• [SUPPLIED RECORDS]
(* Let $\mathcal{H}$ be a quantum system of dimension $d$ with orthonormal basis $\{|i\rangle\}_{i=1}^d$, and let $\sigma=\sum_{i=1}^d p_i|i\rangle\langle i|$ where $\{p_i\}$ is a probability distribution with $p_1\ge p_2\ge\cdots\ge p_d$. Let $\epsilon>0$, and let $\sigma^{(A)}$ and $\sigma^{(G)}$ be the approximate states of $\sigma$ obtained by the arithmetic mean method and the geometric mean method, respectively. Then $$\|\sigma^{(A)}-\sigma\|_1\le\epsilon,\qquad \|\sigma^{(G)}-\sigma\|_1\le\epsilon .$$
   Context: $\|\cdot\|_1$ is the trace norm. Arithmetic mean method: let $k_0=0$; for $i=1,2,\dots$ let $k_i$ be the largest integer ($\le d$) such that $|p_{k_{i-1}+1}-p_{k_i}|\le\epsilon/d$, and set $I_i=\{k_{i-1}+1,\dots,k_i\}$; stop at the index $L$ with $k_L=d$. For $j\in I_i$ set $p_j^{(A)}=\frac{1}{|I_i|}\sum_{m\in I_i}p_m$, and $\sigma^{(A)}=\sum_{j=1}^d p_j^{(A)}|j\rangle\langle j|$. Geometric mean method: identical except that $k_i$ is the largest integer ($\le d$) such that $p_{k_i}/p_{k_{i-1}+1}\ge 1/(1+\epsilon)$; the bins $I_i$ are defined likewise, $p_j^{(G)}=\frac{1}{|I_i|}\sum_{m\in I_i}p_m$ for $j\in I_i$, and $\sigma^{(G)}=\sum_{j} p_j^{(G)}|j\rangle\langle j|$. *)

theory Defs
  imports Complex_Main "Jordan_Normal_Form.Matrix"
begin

...

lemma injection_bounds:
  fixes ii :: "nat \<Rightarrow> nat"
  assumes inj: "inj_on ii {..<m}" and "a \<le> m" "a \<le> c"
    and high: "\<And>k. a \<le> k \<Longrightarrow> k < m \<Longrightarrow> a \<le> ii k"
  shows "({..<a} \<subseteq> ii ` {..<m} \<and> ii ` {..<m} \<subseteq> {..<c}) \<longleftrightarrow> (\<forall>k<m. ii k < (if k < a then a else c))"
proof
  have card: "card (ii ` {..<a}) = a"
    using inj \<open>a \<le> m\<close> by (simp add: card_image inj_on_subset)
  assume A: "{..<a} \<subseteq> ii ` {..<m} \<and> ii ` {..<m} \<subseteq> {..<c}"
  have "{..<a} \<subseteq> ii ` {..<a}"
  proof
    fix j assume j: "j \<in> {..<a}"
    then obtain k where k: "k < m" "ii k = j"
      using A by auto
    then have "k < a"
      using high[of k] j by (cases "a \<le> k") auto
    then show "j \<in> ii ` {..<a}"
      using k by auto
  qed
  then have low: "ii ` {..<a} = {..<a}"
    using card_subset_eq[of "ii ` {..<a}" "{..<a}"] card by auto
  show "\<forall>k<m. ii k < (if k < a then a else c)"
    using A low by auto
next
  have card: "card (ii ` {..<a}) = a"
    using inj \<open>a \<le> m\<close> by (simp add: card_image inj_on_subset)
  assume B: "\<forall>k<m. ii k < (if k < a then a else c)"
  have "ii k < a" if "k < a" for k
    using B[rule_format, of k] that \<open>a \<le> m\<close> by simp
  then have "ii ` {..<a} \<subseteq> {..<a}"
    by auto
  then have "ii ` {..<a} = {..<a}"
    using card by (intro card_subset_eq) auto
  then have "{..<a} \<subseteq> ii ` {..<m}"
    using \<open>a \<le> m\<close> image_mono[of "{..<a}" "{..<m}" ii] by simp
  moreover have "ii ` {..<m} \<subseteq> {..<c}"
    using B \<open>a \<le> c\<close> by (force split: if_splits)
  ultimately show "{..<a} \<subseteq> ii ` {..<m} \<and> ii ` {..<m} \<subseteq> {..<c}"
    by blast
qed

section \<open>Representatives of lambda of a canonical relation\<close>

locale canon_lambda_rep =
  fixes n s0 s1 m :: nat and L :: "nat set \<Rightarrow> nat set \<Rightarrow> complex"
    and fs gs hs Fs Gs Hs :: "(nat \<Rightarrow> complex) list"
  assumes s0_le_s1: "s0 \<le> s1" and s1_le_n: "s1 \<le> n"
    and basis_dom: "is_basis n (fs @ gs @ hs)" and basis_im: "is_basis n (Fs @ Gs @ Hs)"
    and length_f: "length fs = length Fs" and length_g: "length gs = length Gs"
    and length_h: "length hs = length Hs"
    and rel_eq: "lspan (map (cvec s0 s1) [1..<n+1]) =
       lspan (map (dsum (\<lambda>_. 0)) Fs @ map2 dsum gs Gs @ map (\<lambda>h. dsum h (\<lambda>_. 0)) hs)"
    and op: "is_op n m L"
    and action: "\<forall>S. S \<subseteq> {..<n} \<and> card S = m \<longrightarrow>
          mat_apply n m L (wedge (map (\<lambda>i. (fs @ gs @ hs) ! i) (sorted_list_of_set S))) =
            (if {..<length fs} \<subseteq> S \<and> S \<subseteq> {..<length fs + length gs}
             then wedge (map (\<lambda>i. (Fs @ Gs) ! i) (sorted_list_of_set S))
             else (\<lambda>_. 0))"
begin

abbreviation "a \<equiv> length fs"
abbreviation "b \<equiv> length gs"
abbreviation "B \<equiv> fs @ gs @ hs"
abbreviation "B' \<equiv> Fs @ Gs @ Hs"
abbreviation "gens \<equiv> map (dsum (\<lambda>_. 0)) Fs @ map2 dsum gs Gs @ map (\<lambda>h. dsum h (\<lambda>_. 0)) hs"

• [WORK INSTRUCTION] Go through the records line by line, and copy each line that holds the string "using".

• [RESULT FOR THIS TASK]
    using inj \<open>a \<le> m\<close> by (simp add: card_image inj_on_subset)
      using A by auto
      using high[of k] j by (cases "a \<le> k") auto
      using k by auto
    using card_subset_eq[of "ii ` {..<a}" "{..<a}"] card by auto
    using A low by auto
    using inj \<open>a \<le> m\<close> by (simp add: card_image inj_on_subset)
    using B[rule_format, of k] that \<open>a \<le> m\<close> by simp
    using card by (intro card_subset_eq) auto
    using \<open>a \<le> m\<close> image_mono[of "{..<a}" "{..<m}" ii] by simp
    using B \<open>a \<le> c\<close> by (force split: if_splits)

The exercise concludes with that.